[DATA FOR PROCESSING Boundary: Start]
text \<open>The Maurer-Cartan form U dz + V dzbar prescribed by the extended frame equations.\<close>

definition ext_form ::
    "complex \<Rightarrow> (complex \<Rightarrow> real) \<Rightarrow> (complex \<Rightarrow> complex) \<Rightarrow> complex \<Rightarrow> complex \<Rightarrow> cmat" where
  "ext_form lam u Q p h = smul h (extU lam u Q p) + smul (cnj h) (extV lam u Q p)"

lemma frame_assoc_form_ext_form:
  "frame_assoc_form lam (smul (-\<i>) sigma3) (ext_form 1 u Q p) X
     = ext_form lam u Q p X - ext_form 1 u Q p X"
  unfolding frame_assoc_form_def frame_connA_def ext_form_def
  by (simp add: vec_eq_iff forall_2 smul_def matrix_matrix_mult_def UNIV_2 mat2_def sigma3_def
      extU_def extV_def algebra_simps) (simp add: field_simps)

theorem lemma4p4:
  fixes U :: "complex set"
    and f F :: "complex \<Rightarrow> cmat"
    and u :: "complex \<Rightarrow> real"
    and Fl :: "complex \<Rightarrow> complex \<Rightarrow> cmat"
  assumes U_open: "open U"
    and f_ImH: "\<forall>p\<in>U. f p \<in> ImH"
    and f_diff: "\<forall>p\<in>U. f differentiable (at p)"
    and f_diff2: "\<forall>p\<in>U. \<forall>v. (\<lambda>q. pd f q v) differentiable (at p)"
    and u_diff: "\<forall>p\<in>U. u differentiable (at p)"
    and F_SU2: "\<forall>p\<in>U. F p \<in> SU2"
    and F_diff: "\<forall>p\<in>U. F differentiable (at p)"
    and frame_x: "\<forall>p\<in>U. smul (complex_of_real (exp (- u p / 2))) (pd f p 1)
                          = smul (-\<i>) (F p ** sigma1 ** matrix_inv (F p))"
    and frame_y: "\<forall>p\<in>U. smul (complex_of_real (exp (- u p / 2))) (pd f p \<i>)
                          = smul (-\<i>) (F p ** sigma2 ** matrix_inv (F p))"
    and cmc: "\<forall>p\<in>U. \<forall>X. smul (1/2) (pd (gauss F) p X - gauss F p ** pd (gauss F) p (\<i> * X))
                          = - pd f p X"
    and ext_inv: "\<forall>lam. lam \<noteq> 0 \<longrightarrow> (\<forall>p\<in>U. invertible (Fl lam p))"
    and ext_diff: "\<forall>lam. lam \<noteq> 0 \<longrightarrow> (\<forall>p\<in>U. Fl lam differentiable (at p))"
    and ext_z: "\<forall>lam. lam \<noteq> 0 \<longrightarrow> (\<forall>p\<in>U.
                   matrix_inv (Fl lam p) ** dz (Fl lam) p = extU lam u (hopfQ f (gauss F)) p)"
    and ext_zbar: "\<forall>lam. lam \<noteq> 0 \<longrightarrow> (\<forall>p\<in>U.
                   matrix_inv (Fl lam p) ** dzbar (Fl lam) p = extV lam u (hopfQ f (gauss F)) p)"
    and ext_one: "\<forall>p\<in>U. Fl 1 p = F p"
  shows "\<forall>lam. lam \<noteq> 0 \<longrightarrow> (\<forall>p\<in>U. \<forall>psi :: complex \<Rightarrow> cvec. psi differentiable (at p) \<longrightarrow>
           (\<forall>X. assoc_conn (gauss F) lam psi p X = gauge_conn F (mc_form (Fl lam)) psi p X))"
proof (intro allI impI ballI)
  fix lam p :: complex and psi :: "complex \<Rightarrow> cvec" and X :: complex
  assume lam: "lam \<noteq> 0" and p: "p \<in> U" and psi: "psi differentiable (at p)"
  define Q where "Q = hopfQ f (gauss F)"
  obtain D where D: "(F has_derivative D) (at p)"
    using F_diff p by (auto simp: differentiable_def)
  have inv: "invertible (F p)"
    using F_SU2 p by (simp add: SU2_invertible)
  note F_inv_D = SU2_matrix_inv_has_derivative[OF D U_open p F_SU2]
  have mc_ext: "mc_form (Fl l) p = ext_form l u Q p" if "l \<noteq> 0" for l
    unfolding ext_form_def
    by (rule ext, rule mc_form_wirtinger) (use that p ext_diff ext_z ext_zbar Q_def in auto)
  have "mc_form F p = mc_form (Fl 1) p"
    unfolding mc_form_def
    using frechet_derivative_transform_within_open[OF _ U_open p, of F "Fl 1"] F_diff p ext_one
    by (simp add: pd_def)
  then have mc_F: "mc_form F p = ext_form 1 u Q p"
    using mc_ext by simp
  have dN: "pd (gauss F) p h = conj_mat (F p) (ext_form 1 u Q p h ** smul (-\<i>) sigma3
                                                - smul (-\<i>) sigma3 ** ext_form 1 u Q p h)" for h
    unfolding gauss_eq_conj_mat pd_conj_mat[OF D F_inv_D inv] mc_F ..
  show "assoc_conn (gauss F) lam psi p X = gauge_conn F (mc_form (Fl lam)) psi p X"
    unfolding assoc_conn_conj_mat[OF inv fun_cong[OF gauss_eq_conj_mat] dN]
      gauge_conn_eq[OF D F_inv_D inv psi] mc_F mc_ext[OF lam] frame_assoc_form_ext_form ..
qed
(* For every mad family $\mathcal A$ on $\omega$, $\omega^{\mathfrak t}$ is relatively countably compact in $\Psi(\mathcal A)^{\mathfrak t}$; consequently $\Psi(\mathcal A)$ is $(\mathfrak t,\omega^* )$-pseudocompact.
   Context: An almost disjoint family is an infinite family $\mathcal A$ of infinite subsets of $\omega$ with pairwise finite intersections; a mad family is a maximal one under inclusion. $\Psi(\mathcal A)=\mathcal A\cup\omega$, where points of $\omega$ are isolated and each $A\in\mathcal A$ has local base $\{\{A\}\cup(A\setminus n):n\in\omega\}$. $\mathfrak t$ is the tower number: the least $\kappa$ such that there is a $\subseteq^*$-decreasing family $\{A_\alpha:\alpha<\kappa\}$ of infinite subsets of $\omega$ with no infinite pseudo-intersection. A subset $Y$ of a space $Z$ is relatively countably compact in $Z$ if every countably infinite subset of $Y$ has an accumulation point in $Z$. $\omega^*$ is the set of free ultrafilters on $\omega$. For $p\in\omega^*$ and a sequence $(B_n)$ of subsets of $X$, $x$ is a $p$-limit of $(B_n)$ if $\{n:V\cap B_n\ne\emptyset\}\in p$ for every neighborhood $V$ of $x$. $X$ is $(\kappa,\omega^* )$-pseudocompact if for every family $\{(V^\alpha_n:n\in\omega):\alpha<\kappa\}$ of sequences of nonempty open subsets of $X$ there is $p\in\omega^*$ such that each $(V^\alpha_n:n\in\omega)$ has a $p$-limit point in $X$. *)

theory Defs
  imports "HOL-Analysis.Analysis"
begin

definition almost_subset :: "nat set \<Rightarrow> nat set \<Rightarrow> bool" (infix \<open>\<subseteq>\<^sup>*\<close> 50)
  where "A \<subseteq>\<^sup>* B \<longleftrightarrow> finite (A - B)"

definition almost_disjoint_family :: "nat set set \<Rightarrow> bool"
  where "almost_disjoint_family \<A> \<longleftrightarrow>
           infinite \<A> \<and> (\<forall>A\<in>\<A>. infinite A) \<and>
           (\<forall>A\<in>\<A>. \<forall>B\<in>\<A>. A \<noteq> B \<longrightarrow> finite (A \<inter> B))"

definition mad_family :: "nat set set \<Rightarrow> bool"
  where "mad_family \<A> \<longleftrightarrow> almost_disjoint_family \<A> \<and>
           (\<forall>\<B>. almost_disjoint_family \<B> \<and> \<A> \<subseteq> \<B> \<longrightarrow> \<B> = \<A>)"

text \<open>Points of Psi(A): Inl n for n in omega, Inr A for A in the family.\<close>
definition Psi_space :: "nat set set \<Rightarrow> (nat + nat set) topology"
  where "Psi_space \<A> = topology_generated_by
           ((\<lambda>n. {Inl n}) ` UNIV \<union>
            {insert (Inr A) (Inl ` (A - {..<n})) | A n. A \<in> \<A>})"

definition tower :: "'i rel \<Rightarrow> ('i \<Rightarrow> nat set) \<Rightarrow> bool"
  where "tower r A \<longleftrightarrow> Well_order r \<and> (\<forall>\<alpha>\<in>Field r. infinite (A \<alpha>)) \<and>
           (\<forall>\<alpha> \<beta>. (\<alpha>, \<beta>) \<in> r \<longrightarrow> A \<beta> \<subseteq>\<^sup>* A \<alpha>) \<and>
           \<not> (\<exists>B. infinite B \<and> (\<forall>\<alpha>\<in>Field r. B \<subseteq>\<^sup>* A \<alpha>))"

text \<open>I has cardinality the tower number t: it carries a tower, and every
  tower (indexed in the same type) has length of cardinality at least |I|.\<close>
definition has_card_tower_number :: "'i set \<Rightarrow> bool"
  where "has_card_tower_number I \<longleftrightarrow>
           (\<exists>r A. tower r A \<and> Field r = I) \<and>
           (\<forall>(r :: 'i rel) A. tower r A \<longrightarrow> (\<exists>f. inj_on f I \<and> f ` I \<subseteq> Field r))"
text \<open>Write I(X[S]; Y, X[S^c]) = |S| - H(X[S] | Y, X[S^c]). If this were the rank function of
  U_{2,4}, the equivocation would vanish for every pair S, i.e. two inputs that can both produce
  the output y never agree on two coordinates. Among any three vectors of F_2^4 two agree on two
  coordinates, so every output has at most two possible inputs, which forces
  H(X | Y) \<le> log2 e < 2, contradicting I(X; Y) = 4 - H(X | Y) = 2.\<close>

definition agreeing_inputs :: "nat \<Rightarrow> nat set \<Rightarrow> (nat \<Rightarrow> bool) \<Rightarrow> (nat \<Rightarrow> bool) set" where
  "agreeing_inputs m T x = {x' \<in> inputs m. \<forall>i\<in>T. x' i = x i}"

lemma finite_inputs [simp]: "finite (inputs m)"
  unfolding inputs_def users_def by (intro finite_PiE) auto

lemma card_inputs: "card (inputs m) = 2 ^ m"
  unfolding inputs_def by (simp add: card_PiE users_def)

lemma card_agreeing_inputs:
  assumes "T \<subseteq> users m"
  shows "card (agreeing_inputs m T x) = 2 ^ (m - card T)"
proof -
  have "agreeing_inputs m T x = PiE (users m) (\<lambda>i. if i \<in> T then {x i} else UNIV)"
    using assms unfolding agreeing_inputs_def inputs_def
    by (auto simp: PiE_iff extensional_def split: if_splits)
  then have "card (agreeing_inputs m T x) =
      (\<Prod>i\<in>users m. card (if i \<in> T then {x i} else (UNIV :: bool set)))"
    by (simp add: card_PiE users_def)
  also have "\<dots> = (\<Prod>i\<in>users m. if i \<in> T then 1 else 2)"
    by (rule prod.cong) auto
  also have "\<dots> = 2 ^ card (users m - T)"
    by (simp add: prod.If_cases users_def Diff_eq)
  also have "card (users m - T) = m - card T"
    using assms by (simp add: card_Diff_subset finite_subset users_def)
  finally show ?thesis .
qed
[DATA FOR PROCESSING Boundary: End]
[DATA FOR PROCESSING Boundary: Start]
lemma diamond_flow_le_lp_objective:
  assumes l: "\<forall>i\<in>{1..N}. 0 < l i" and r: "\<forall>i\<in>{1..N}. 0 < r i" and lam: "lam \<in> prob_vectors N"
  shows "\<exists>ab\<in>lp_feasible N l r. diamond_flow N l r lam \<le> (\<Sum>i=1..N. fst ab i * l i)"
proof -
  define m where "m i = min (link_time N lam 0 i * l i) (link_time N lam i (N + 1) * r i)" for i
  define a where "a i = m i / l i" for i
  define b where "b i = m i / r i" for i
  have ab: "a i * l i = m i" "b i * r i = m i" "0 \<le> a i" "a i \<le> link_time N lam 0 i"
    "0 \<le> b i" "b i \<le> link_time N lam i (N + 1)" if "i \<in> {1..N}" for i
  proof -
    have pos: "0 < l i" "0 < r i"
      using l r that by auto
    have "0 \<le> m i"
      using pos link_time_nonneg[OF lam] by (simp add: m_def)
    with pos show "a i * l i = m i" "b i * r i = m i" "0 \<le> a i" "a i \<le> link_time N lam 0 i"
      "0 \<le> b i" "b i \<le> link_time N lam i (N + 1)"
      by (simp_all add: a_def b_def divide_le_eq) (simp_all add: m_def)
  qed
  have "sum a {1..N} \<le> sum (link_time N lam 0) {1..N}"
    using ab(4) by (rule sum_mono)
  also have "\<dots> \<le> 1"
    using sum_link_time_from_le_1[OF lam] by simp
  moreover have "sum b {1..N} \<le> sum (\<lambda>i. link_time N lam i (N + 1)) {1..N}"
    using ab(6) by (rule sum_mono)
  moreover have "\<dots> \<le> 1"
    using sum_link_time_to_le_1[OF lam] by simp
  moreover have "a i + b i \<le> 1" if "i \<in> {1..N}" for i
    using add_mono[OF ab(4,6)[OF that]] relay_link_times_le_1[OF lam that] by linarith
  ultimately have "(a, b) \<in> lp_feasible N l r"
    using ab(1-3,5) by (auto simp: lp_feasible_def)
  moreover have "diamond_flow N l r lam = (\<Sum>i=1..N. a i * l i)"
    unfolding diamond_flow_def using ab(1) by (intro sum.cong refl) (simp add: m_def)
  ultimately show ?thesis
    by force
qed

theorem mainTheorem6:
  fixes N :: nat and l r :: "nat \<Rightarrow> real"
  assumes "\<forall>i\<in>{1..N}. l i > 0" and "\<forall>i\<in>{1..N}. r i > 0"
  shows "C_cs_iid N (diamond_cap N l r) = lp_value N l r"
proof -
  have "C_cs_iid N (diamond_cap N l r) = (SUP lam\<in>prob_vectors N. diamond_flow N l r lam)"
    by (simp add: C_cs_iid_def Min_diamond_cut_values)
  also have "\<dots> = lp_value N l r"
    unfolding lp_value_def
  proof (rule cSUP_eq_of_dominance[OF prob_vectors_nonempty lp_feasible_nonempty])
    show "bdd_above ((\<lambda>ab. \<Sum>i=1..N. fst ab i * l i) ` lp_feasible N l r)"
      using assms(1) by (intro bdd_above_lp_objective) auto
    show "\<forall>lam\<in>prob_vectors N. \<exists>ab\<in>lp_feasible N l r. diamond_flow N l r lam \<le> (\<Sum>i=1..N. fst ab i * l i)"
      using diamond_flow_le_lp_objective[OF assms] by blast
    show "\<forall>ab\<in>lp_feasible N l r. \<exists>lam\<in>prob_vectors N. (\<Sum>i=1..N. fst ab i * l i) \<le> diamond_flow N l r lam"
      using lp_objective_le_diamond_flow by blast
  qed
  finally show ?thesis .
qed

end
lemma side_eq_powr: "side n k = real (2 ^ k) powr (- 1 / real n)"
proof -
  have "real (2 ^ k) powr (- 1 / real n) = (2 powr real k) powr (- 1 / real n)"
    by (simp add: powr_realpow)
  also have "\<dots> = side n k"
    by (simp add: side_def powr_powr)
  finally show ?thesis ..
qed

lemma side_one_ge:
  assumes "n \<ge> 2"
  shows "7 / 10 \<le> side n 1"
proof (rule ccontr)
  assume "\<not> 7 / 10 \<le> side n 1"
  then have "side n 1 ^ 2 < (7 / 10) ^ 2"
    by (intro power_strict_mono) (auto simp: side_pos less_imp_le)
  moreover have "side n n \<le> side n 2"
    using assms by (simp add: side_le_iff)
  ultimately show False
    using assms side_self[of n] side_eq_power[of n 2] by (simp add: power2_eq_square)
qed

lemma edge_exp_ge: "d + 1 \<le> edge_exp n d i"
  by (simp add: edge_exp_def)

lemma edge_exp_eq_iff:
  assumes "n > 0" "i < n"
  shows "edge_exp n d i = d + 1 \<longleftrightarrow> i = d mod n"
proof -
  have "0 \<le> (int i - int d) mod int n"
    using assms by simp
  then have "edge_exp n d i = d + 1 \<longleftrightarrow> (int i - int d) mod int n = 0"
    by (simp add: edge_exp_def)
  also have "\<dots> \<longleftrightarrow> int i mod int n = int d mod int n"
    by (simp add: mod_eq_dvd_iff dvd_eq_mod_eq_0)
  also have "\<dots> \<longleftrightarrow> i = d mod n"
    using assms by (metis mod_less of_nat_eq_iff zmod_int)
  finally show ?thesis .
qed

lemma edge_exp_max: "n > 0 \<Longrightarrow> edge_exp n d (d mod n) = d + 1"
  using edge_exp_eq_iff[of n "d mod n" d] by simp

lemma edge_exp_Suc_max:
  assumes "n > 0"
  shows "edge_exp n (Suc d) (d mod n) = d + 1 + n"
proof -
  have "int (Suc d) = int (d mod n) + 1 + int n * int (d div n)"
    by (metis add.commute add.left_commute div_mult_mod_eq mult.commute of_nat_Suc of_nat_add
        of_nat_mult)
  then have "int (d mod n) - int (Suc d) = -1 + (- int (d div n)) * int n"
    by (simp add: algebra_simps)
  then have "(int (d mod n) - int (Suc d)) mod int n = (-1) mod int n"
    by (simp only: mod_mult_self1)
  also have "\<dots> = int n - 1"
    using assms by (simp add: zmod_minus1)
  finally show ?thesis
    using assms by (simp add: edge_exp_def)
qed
[DATA FOR PROCESSING Boundary: End]
[DATA FOR PROCESSING Boundary: Start]
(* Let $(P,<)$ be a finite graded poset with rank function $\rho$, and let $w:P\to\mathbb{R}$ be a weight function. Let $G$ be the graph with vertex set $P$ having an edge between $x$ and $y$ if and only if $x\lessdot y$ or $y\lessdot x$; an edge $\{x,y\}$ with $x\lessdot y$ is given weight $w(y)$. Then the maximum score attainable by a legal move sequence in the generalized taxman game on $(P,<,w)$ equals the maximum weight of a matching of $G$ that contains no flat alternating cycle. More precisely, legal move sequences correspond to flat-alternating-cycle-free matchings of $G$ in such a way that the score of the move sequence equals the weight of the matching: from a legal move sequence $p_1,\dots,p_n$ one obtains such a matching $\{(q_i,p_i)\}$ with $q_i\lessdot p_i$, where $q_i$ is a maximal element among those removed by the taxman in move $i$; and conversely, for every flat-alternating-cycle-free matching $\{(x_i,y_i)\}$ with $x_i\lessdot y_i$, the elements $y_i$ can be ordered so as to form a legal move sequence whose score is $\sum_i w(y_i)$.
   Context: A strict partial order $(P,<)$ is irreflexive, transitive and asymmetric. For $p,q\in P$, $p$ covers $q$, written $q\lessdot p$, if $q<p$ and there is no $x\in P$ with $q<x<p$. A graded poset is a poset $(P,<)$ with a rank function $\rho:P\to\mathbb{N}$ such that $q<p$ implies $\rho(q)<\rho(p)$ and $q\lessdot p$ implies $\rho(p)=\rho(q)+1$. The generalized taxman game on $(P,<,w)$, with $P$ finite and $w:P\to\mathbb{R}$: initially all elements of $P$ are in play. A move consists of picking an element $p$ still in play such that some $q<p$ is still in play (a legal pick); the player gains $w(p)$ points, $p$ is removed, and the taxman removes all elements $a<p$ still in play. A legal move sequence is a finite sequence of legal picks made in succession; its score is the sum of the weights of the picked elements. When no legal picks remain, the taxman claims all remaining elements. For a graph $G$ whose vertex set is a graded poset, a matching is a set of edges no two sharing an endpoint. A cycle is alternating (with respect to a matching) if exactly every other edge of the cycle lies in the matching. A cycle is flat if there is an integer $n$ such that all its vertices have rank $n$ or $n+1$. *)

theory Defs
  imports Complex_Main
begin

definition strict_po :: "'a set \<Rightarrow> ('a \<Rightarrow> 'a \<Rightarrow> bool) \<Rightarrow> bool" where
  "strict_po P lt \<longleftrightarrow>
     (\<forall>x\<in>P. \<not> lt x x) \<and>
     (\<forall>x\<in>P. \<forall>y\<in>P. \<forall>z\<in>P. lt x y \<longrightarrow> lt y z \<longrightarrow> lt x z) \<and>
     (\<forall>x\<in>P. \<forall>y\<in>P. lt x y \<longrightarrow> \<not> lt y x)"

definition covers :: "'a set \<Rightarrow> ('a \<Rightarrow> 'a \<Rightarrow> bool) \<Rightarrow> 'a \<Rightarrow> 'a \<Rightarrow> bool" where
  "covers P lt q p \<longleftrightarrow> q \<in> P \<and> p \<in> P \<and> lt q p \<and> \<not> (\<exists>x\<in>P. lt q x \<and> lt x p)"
[DATA FOR PROCESSING Boundary: End]
- [THE PROBLEM]
Looking at the entries above, report how many of their lines include "blast", and add nothing else.

- [OUTPUT OF THE EXERCISE]
2